**About this task:** When a line in the listing below contains the word "where", return a copy of that line.

=== Section Start ===

(* Let $j\in\mathbb{N}\cup\{0\}$, $M>0$. Let $\{h_n\}_{n\ge0}$ be the orthonormal Hermite polynomials with respect to $e^{-x^2}$ on $\mathbb{R}$, let $\lambda_n=2n$, $K_n^{(j,j)}(0,0)=\sum_{i=0}^n\big(h_i^{(j)}(0)\big)^2$, and for $n\ge1$ define $$\widetilde\lambda_{j+2n}=\lambda_{j+2n}+M\sum_{i=1}^n(\lambda_{j+2i}-\lambda_{j+2i-2})K_{j+2i-1}^{(j,j)}(0,0).$$ Then: if $j=2r$, $$\lim_{n\to+\infty}\frac{\widetilde\lambda_{2r+2n}}{n^{2r+3/2}}=\frac{M2^{4r+1}}{\pi(r+3/4)(2r+1/2)};$$ if $j=2r+1$, $$\lim_{n\to+\infty}\frac{\widetilde\lambda_{2r+1+2n}}{n^{2r+5/2}}=\frac{M2^{4r+3}}{\pi(r+5/4)(2r+3/2)}.$$
   Context: Background: $\lambda_n=2n$ are the eigenvalues of the Hermite equation $-y''+2xy'=2ny$, and $\widetilde\lambda_{j+2n}$ are eigenvalues of the differential operator $\mathbf{L}$ having as eigenfunctions the polynomials orthonormal with respect to $(f,g)=\int_{\mathbb{R}} fg\,e^{-x^2}dx+Mf^{(j)}(0)g^{(j)}(0)$. *)

theory Defs
  imports "HOL-Analysis.Analysis" "HOL-Computational_Algebra.Polynomial"
begin

fun hermite_poly :: "nat \<Rightarrow> real poly" where
  "hermite_poly 0 = 1"
| "hermite_poly (Suc 0) = [:0, 2:]"
| "hermite_poly (Suc (Suc n)) =
     [:0, 2:] * hermite_poly (Suc n) - smult (2 * real (Suc n)) (hermite_poly n)"

text \<open>Orthonormal Hermite polynomials w.r.t. exp(-x^2) on the real line
  (positive leading coefficient): h_n = H_n / sqrt(2^n n! sqrt pi).\<close>
definition orthonormal_hermite :: "nat \<Rightarrow> real poly" where
  "orthonormal_hermite n =
     smult (1 / sqrt (2 ^ n * fact n * sqrt pi)) (hermite_poly n)"

definition hermite_lambda :: "nat \<Rightarrow> real" where
  "hermite_lambda n = 2 * real n"

definition kernel_jj0 :: "nat \<Rightarrow> nat \<Rightarrow> real" where
  "kernel_jj0 j n = (\<Sum>i = 0..n. (poly ((pderiv ^^ j) (orthonormal_hermite i)) 0) ^ 2)"

definition tilde_lambda :: "real \<Rightarrow> nat \<Rightarrow> nat \<Rightarrow> real" where
  "tilde_lambda M j n = hermite_lambda (j + 2 * n)
     + M * (\<Sum>i = 1..n. (hermite_lambda (j + 2 * i) - hermite_lambda (j + 2 * i - 2))
                          * kernel_jj0 j (j + 2 * i - 1))"

end

theory Submission
  imports Defs "HOL-Real_Asymp.Real_Asymp"
begin

(* Since H_n' = 2n H_(n-1), the j-th derivative of h_(j+2k+1) vanishes at 0, as does that of every
   h_i with i < j, while H_(2k)(0) = (-1)^k (2k)!/k! gives
   h_(j+2k)^(j)(0)^2 = 2^j (j+2k)! / (4^k k!^2 sqrt pi) ~ 4^j k^(j-1/2) / pi
   by the Gamma-function asymptotics of the central binomial coefficient. So K_(j+2i+1)^(j,j)(0,0) is the
   i-th partial sum of these squares, and the eigenvalue gaps lambda_(j+2i) - lambda_(j+2i-2) all equal 4.
   Two applications of Stolz-Cesaro, each raising the exponent of n by one and dividing the constant by
   the new exponent, give tilde_lambda_(j+2n) ~ 4^(j+1) M n^(j+3/2) / (pi (j+1/2) (j+3/2)); writing
   j = 2r or j = 2r+1 yields the two stated limits. The argument works for every real M. *)

lemma telescoping_increment_bound:
  fixes a b :: "nat \<Rightarrow> real"
  assumes step: "\<And>n. N \<le> n \<Longrightarrow> \<bar>a (Suc n) - a n - L * (b (Suc n) - b n)\<bar> \<le> e * (b (Suc n) - b n)"
    and "N \<le> n"
  shows "\<bar>a n - a N - L * (b n - b N)\<bar> \<le> e * (b n - b N)"
  using \<open>N \<le> n\<close>
proof (induction n rule: dec_induct)
  case (step n)
  have "\<bar>a (Suc n) - a N - L * (b (Suc n) - b N)\<bar>
      \<le> \<bar>a (Suc n) - a n - L * (b (Suc n) - b n)\<bar> + \<bar>a n - a N - L * (b n - b N)\<bar>"
    by (rule order_trans[OF _ abs_triangle_ineq]) (simp add: algebra_simps)
  also have "\<dots> \<le> e * (b (Suc n) - b n) + e * (b n - b N)"
    using assms(1)[OF step(1)] step(3) by (rule add_mono)
  finally show ?case
    by (simp add: algebra_simps)
qed simp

=== Section End ===

**Output:**
fun hermite_poly :: "nat \<Rightarrow> real poly" where
definition orthonormal_hermite :: "nat \<Rightarrow> real poly" where
definition hermite_lambda :: "nat \<Rightarrow> real" where
definition kernel_jj0 :: "nat \<Rightarrow> nat \<Rightarrow> real" where
definition tilde_lambda :: "real \<Rightarrow> nat \<Rightarrow> nat \<Rightarrow> real" where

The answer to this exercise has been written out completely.